Where Lewis is fairly flat and has a landscape dominated by peat bogs, Harris is mountainous and has a rugged, rocky landscape fringed with jewel like beaches.  Harris itself is divided into North and South Harris, and is almost cut in two by the sea at Tarbert, the main settlement.  As elsewhere on the west coast and in the islands, the name "Tarbert" indicates a narrow neck of land between two bodies of water - the name derives from a Norse word meaning "draw-boat" and indicates a place where a longship could be hauled from one body of water to another across the land.

Great eagle country, North Harris has the highest population density of eagles anywhere in northern Europe and we were to see both Golden and Sea Eagles regularly, sometimes at close quarters.
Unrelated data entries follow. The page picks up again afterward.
(* Let $(u_i)_{i\in\mathbb{N}}$ be real numbers with $\sum_{i=1}^M u_i^2>0$ for every $M\in\mathbb{N}$, and suppose there exist $\beta>1$, $\beta'>0$ and $c>0$ (possibly depending on $\beta,\beta'$) such that $$\frac{\sum_{i=B}^M u_i^2}{\sum_{i=1}^M u_i^2}\le\frac{c}{M^{\beta'}}\quad\text{for all }M\in\mathbb{N},\qquad B=\big\lfloor(M^{1/\beta}-1)^\beta\big\rfloor.$$ Let $(E_{ij})_{i,j\in\mathbb{N}}$ be centered i.i.d. real random variables with variance $\sigma^2$ and finite fourth moment, let $E_M:=M^{-1/2}(E_{ij})_{i,j\le M}$, and let $\tilde u_M:=\big(\sum_{i=1}^M u_i^2\big)^{-1/2}(u_1,\dots,u_M)^T$. Then $$\tilde u_M^T E_ME_M^T\tilde u_M\longrightarrow\sigma^2\quad\text{almost surely as }M\to\infty.$$
   Context: $\lfloor x\rfloor$ is the largest integer $\le x$. *)

theory Defs
  imports "HOL-Probability.Probability"
begin

end

theory Submission
  imports Defs "HOL-Real_Asymp.Real_Asymp"
begin

text \<open>
  Writing \<open>S a = \<Sum>i\<le>a u\<^sub>i\<^sup>2\<close> and \<open>W a b = \<Sum>j\<le>b (\<Sum>i\<le>a u\<^sub>i E\<^sub>i\<^sub>j)\<^sup>2\<close>, the quantity of the
  theorem is \<open>W L L / (L S L)\<close>.  The proof has three layers, developed in this order.
  (1) Moment bounds, for an abstract independent centered family with bounded fourth
  moments: a linear form with weights \<open>w\<close> has fourth moment \<open>O((\<Sum>w\<^sup>2)\<^sup>2)\<close>; hence the
  centered sum of squares of linear forms on disjoint blocks has variance
  \<open>O(\<Sum>\<^sub>j V\<^sub>j\<^sup>2)\<close>, where \<open>V\<^sub>j\<close> is the weight mass of block \<open>j\<close>, and Chebyshev's inequality
  bounds its deviations.  For the matrix this gives deviation probabilities of order \<open>1/b\<close>
  for \<open>W a b / (b S a)\<close>, and similarly for the energy \<open>H m N\<close> of the rows \<open>m < i \<le> N\<close>.
  (2) Along the sparse grid \<open>\<lfloor>(n+1)\<^sup>g\<rfloor>\<close>, where \<open>\<Sum>1/grid < \<infinity>\<close>, Borel--Cantelli turns these
  bounds into almost sure convergence.
  (3) A deterministic interpolation: for consecutive grid points \<open>m \<le> L \<le> N\<close>,
  \<open>(a + d)\<^sup>2 \<le> (1+t) a\<^sup>2 + (1 + 1/t) d\<^sup>2\<close> and Cauchy--Schwarz sandwich \<open>W L L\<close> between the
  forms at the grid points, up to the tail term \<open>(S N - S m) H m N\<close>; the tail-window
  hypothesis on \<open>u\<close> makes that term negligible, and letting \<open>t \<rightarrow> 0\<close> gives the theorem.
\<close>

lemma (in prob_space) integrable_power_le_four:
  fixes f :: "'a \<Rightarrow> real"
  assumes "f \<in> borel_measurable M" "integrable M (\<lambda>x. f x ^ 4)" "p \<le> 4"
  shows "integrable M (\<lambda>x. f x ^ p)"
proof (rule Bochner_Integration.integrable_bound[of _ "\<lambda>x. 1 + f x ^ 4"])
  show "integrable M (\<lambda>x. 1 + f x ^ 4)" using assms by auto
  show "(\<lambda>x. f x ^ p) \<in> borel_measurable M" using assms by auto
  show "AE x in M. norm (f x ^ p) \<le> norm (1 + f x ^ 4)"
  proof (intro AE_I2)
    fix x
    have "\<bar>f x\<bar> ^ p \<le> 1 + \<bar>f x\<bar> ^ 4"
    proof (cases "\<bar>f x\<bar> \<le> 1")
      case True
      then have "\<bar>f x\<bar> ^ p \<le> 1" by (simp add: power_le_one)
      then show ?thesis by (smt (verit) zero_le_power abs_ge_zero)
    next
      case False
      then have "\<bar>f x\<bar> ^ p \<le> \<bar>f x\<bar> ^ 4" using assms(3) by (intro power_increasing) auto
      then show ?thesis by simp
    qed
    then show "norm (f x ^ p) \<le> norm (1 + f x ^ 4)"
      by (simp add: power_abs power_even_abs_numeral)
  qed
qed

lemma (in prob_space) indep_var_disjoint_subfamilies:
  fixes X :: "'k \<Rightarrow> 'a \<Rightarrow> real"
  assumes ind: "indep_vars (\<lambda>_. borel) X K" and AB: "A \<inter> B = {}" "A \<subseteq> K" "B \<subseteq> K"
    and F: "F \<in> borel_measurable (PiM A (\<lambda>_. borel))"
    and G: "G \<in> borel_measurable (PiM B (\<lambda>_. borel))"
  shows "indep_var borel (\<lambda>\<omega>. F (restrict (\<lambda>i. X i \<omega>) A)) borel (\<lambda>\<omega>. G (restrict (\<lambda>i. X i \<omega>) B))"
  using indep_var_compose[OF indep_var_restrict[OF ind AB] F G] by (simp add: comp_def)

lemma (in prob_space) indep_var_power_product:
  fixes Y Z :: "'a \<Rightarrow> real"
  assumes ind: "indep_var borel Y borel Z"
    and "integrable M (\<lambda>\<omega>. Y \<omega> ^ p)" "integrable M (\<lambda>\<omega>. Z \<omega> ^ q)"
  shows "integrable M (\<lambda>\<omega>. Y \<omega> ^ p * Z \<omega> ^ q)"
    and "expectation (\<lambda>\<omega>. Y \<omega> ^ p * Z \<omega> ^ q)
           = expectation (\<lambda>\<omega>. Y \<omega> ^ p) * expectation (\<lambda>\<omega>. Z \<omega> ^ q)"
proof -
  have "indep_var borel (\<lambda>\<omega>. Y \<omega> ^ p) borel (\<lambda>\<omega>. Z \<omega> ^ q)"
    using indep_var_compose[OF ind, of "\<lambda>x. x ^ p" borel "\<lambda>x. x ^ q" borel]
    by (simp add: comp_def)
  then show "integrable M (\<lambda>\<omega>. Y \<omega> ^ p * Z \<omega> ^ q)"
    and "expectation (\<lambda>\<omega>. Y \<omega> ^ p * Z \<omega> ^ q)
           = expectation (\<lambda>\<omega>. Y \<omega> ^ p) * expectation (\<lambda>\<omega>. Z \<omega> ^ q)"
    using assms(2,3) by (simp_all add: indep_var_integrable indep_var_lebesgue_integral)
qed

lemma (in prob_space) indep_second_moment_add:
  fixes Y Z :: "'a \<Rightarrow> real"
  assumes ind: "indep_var borel Y borel Z"
    and Y: "Y \<in> borel_measurable M" "integrable M (\<lambda>\<omega>. Y \<omega> ^ 2)"
    and Z: "Z \<in> borel_measurable M" "integrable M (\<lambda>\<omega>. Z \<omega> ^ 2)" "expectation Z = 0"
  shows "integrable M (\<lambda>\<omega>. (Y \<omega> + Z \<omega>) ^ 2)"
    and "expectation (\<lambda>\<omega>. (Y \<omega> + Z \<omega>) ^ 2)
           = expectation (\<lambda>\<omega>. Y \<omega> ^ 2) + expectation (\<lambda>\<omega>. Z \<omega> ^ 2)"
proof -
  have iY: "integrable M (\<lambda>\<omega>. Y \<omega> ^ 1)" and iZ: "integrable M (\<lambda>\<omega>. Z \<omega> ^ 1)"
    using square_integrable_imp_integrable Y Z by simp_all
  note YZ = indep_var_power_product[OF ind iY iZ]
  have expand: "(\<lambda>\<omega>. (Y \<omega> + Z \<omega>) ^ 2) = (\<lambda>\<omega>. Y \<omega> ^ 2 + 2 * (Y \<omega> ^ 1 * Z \<omega> ^ 1) + Z \<omega> ^ 2)"
    by (simp add: power2_eq_square algebra_simps)
  show "integrable M (\<lambda>\<omega>. (Y \<omega> + Z \<omega>) ^ 2)"
    unfolding expand using Y Z YZ by auto
  show "expectation (\<lambda>\<omega>. (Y \<omega> + Z \<omega>) ^ 2)
           = expectation (\<lambda>\<omega>. Y \<omega> ^ 2) + expectation (\<lambda>\<omega>. Z \<omega> ^ 2)"
    unfolding expand using Y Z YZ by simp
qed

lemma (in prob_space) indep_fourth_moment_add:
  fixes Y Z :: "'a \<Rightarrow> real"
  assumes ind: "indep_var borel Y borel Z"
    and Y: "Y \<in> borel_measurable M" "integrable M (\<lambda>\<omega>. Y \<omega> ^ 4)" "expectation Y = 0"
    and Z: "Z \<in> borel_measurable M" "integrable M (\<lambda>\<omega>. Z \<omega> ^ 4)" "expectation Z = 0"
  shows "integrable M (\<lambda>\<omega>. (Y \<omega> + Z \<omega>) ^ 4)"
    and "expectation (\<lambda>\<omega>. (Y \<omega> + Z \<omega>) ^ 4) = expectation (\<lambda>\<omega>. Y \<omega> ^ 4)
           + 6 * (expectation (\<lambda>\<omega>. Y \<omega> ^ 2) * expectation (\<lambda>\<omega>. Z \<omega> ^ 2))
           + expectation (\<lambda>\<omega>. Z \<omega> ^ 4)"
proof -
  have iY: "p \<le> 4 \<Longrightarrow> integrable M (\<lambda>\<omega>. Y \<omega> ^ p)" for p
    using integrable_power_le_four[OF Y(1,2)] .
  have iZ: "q \<le> 4 \<Longrightarrow> integrable M (\<lambda>\<omega>. Z \<omega> ^ q)" for q
    using integrable_power_le_four[OF Z(1,2)] .
  note prod = indep_var_power_product[OF ind iY iZ]
  have expand: "(\<lambda>\<omega>. (Y \<omega> + Z \<omega>) ^ 4) = (\<lambda>\<omega>. Y \<omega> ^ 4 + 4 * (Y \<omega> ^ 3 * Z \<omega> ^ 1)
      + 6 * (Y \<omega> ^ 2 * Z \<omega> ^ 2) + 4 * (Y \<omega> ^ 1 * Z \<omega> ^ 3) + Z \<omega> ^ 4)"
    by (simp add: algebra_simps power2_eq_square power4_eq_xxxx eval_nat_numeral)
  show "integrable M (\<lambda>\<omega>. (Y \<omega> + Z \<omega>) ^ 4)"
    unfolding expand using prod[of 3 1] prod[of 2 2] prod[of 1 3] iY[of 4] iZ[of 4] by simp
  show "expectation (\<lambda>\<omega>. (Y \<omega> + Z \<omega>) ^ 4) = expectation (\<lambda>\<omega>. Y \<omega> ^ 4)
           + 6 * (expectation (\<lambda>\<omega>. Y \<omega> ^ 2) * expectation (\<lambda>\<omega>. Z \<omega> ^ 2))
           + expectation (\<lambda>\<omega>. Z \<omega> ^ 4)"
    unfolding expand using prod[of 3 1] prod[of 2 2] prod[of 1 3] iY[of 4] iZ[of 4] Y(3) Z(3)
    by simp
qed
But the thing that Harris is most notable for is the stunning quality of light.  We'd deliberately not gone to visit the coast while the weather was dull and wet, but the third day of our trip dawned bright and sunny, so we headed west...........

....to Huisinis, a crescent of white sand fringed with aquamarine and deep blue - this is what we'd come for!  The journey from Tarbert along a narrow, twisting single-track road takes much longer than the mileage would suggest - and this is a good thing.  Spectacular views, a landscape in parts otherwordly and wildlife (we had two good views of Golden Eagles above the road) are a great introduction, and the destination is well worth the effort.  Huisinis Bay faces south and was sheltered from a brisk northerly breeze; the sun was hot rather than warm which added to the impression of a slice of the tropics adrift in the Hebrides.

We strolled across the machair to the northern bay which has a good view up the Caolas Scarp.  The last time I was here was in 2011 and I was very much looking forward to more exploration of the area. A slipway gives access to the water, and this is was the only viable landing point when the island of Scarp was fully inhabited - these days there's just a couple of holiday homes and an occasionally used croft house.

I did my own bit of "draw boat" by pulling my kayak on a trolley over the machair path to launch from the slipway.  The northerly wind blowing down the Caolas (Kyle) an Scarp made for a bit of swell and a tricky launch but I got underway and headed out between Scarp, on the left of this image, and Harris.  I considered myself very fortunate - the kyle is shallow and in heavy weather swells break right across from shore to shore and travel the length of the channel, cutting off Scarp for days at a time. My first destination was the white sand beach on the right of the image.....

....which is actually the end of a curving beach backed by low dunes.  As I moved into shallower water the colours began to grow in intensity.....

......until they reached a crescendo as I landed on the shore and the sun emerged from behind high cloud.  This is the quintessential Harris scene, dazzling white sand and a sea of aquamarine, turquoise and violet shades.  It could scarcely get any more stunning....

...unless you add a brightly coloured sea kayak into the picture!  I spent a good time just strolling around on this beach, allowing the colours and the pure brilliance of the light to fully register.

Wednesday 13 June 2018

The "other" Calanais

For the last stop on our visit to some of the ancient sites on Lewis, we returned to Calanais, but not to the main standing stones.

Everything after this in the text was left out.